● Assignment: In the listing that follows, the range to quote begins at the line that has "unfolding kappa_def kappa_op_def" and ends after the line that has "by (simp add: wf_graph_def)"; quote it verbatim and add nothing.

● Given records:

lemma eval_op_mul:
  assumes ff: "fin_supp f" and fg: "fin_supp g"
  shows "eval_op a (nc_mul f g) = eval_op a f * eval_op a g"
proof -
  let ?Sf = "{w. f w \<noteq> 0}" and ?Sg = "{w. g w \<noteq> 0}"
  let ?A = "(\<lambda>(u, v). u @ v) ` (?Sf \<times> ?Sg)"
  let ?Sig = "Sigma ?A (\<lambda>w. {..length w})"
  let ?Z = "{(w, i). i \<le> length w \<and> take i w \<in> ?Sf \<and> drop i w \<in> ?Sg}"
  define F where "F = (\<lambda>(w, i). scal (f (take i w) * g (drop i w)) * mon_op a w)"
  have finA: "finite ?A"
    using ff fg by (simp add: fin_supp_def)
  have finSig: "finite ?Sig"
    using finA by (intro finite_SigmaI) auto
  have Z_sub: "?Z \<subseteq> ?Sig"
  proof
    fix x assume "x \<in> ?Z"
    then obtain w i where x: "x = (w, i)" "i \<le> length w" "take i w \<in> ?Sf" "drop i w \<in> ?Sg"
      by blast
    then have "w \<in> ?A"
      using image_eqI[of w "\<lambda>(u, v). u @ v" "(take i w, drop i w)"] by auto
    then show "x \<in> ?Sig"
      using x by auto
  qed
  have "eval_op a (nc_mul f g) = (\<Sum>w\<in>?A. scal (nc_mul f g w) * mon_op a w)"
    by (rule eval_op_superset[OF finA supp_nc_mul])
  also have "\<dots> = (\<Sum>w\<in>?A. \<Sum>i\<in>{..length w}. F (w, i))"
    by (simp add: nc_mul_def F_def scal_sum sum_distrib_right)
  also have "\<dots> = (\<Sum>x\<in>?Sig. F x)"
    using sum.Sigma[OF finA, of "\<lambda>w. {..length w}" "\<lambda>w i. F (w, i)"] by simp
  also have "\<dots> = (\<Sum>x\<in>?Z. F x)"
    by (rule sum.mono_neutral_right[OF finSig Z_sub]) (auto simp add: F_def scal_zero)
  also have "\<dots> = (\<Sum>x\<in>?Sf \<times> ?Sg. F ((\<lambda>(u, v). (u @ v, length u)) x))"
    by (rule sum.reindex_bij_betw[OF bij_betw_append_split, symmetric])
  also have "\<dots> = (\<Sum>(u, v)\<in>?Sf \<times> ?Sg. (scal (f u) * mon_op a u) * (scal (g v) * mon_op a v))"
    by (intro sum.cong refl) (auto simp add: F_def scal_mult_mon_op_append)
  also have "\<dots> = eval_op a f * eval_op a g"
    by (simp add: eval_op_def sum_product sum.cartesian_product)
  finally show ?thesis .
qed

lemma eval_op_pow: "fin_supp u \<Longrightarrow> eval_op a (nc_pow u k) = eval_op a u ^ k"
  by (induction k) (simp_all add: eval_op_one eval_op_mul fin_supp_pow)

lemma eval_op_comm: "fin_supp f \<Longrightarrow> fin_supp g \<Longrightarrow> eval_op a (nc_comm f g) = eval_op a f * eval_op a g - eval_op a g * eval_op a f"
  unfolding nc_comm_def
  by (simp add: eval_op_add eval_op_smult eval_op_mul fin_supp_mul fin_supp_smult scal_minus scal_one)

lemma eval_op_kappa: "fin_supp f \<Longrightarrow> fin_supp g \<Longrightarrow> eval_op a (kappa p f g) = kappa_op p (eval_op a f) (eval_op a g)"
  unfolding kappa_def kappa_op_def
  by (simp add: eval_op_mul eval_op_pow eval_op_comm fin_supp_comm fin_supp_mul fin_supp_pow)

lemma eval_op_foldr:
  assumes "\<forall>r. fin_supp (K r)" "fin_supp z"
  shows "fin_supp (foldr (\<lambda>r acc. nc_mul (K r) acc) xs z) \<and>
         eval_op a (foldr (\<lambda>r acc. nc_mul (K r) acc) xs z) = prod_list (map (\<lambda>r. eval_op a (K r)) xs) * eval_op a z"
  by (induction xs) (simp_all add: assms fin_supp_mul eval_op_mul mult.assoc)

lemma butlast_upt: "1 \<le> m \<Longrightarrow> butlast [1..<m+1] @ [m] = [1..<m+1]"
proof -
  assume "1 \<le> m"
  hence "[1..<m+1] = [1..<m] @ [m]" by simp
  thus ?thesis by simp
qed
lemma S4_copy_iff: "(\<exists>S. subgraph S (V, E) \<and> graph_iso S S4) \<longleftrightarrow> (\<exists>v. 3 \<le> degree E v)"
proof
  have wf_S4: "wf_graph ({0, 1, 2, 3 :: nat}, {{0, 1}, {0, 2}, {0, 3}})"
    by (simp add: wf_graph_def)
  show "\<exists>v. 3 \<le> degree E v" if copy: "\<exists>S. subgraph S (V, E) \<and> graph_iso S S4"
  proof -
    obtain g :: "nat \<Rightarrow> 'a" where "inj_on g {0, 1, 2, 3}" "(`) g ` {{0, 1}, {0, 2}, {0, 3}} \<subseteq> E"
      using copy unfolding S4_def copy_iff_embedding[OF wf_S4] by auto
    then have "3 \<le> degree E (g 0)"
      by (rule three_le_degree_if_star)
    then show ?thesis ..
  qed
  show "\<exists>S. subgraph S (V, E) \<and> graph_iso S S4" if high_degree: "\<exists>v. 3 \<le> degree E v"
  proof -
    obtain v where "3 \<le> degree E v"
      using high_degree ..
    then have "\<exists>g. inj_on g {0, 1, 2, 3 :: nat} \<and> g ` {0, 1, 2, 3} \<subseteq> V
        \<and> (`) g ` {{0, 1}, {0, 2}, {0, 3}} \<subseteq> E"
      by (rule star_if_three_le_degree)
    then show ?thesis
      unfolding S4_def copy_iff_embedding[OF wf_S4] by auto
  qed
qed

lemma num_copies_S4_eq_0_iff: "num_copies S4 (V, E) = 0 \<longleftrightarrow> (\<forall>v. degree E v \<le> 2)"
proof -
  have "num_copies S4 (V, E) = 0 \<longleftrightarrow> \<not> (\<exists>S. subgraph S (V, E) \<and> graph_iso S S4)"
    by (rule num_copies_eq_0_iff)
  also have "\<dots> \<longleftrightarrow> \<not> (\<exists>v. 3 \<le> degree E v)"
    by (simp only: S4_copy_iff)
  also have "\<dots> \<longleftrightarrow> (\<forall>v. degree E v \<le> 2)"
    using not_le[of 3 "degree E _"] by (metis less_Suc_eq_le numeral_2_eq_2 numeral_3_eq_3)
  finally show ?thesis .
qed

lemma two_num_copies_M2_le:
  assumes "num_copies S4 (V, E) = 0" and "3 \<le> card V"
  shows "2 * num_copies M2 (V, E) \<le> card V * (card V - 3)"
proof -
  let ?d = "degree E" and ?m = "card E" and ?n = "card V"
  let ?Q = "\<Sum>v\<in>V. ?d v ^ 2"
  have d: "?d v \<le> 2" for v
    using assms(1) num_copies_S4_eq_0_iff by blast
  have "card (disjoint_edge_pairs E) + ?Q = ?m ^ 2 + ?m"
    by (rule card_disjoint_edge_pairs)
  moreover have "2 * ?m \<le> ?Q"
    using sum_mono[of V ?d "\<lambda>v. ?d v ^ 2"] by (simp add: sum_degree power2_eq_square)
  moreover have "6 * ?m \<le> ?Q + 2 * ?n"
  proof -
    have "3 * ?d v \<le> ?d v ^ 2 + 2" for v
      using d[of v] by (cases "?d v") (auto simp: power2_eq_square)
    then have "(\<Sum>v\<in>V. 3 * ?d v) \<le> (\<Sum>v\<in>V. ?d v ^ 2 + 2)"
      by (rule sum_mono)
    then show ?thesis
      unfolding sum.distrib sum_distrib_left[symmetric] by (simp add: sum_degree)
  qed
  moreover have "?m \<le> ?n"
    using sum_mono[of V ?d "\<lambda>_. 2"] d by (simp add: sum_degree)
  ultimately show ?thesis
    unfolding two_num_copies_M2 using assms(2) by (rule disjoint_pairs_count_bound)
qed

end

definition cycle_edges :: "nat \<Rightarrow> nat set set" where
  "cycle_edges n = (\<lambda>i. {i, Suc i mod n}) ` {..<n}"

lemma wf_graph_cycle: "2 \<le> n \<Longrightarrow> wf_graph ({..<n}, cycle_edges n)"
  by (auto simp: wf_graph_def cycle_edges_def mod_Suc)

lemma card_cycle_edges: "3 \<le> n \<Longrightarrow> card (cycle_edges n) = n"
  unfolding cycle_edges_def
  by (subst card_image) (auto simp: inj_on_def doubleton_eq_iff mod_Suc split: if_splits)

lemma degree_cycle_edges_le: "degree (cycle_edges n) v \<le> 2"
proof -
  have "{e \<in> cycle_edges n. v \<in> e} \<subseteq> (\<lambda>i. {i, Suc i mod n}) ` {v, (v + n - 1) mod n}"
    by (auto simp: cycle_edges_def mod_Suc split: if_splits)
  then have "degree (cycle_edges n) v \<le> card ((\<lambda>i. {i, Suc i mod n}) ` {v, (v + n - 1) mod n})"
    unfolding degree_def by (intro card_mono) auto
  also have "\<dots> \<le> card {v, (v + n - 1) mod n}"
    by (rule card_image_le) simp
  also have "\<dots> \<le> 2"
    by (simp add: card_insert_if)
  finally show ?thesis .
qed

...

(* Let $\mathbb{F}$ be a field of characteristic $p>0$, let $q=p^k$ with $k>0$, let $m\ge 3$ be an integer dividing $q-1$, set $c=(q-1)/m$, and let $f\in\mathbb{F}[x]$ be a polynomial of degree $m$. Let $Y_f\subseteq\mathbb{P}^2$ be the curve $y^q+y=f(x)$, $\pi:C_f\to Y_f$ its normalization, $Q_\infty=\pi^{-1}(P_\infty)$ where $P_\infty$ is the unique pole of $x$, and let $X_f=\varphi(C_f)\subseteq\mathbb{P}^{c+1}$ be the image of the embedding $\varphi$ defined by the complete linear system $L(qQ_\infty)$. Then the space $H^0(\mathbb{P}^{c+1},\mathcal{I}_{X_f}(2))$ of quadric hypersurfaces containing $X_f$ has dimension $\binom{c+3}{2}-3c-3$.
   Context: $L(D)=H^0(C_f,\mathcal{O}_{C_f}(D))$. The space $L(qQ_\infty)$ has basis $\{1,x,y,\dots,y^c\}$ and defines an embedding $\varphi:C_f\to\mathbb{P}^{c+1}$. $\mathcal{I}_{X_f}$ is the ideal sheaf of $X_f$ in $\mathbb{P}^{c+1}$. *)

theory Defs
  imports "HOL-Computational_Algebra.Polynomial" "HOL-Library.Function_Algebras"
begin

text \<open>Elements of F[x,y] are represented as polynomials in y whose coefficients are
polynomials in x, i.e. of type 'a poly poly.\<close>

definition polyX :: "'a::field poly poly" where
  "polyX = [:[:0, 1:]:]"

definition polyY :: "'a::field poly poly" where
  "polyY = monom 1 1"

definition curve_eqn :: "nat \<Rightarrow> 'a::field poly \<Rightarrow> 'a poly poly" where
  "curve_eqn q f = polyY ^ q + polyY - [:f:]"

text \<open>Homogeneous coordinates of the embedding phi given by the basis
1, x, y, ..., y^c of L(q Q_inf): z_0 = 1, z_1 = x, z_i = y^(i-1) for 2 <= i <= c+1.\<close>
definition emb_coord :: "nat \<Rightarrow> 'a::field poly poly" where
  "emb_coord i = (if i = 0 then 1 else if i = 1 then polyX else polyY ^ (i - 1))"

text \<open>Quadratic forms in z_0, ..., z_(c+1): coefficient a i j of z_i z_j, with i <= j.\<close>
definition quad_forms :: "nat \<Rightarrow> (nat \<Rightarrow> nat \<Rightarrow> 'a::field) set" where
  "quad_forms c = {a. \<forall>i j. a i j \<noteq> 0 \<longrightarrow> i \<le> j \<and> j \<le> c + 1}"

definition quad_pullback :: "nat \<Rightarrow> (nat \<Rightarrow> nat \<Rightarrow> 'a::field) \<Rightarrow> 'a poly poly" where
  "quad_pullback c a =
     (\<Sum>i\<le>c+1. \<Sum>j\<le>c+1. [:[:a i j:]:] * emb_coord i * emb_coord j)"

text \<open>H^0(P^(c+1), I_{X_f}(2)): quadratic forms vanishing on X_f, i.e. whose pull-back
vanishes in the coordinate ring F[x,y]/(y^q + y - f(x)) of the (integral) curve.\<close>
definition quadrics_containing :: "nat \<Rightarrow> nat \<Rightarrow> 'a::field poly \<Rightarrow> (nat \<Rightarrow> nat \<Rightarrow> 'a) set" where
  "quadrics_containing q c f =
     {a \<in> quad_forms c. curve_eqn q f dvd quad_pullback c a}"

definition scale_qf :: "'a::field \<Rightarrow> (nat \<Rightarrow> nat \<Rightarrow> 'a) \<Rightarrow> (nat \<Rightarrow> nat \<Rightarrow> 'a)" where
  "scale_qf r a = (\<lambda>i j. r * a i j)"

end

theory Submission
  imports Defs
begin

● Expected answer:
  unfolding kappa_def kappa_op_def
  by (simp add: eval_op_mul eval_op_pow eval_op_comm fin_supp_comm fin_supp_mul fin_supp_pow)

lemma eval_op_foldr:
  assumes "\<forall>r. fin_supp (K r)" "fin_supp z"
  shows "fin_supp (foldr (\<lambda>r acc. nc_mul (K r) acc) xs z) \<and>
         eval_op a (foldr (\<lambda>r acc. nc_mul (K r) acc) xs z) = prod_list (map (\<lambda>r. eval_op a (K r)) xs) * eval_op a z"
  by (induction xs) (simp_all add: assms fin_supp_mul eval_op_mul mult.assoc)

lemma butlast_upt: "1 \<le> m \<Longrightarrow> butlast [1..<m+1] @ [m] = [1..<m+1]"
proof -
  assume "1 \<le> m"
  hence "[1..<m+1] = [1..<m] @ [m]" by simp
  thus ?thesis by simp
qed
lemma S4_copy_iff: "(\<exists>S. subgraph S (V, E) \<and> graph_iso S S4) \<longleftrightarrow> (\<exists>v. 3 \<le> degree E v)"
proof
  have wf_S4: "wf_graph ({0, 1, 2, 3 :: nat}, {{0, 1}, {0, 2}, {0, 3}})"
    by (simp add: wf_graph_def)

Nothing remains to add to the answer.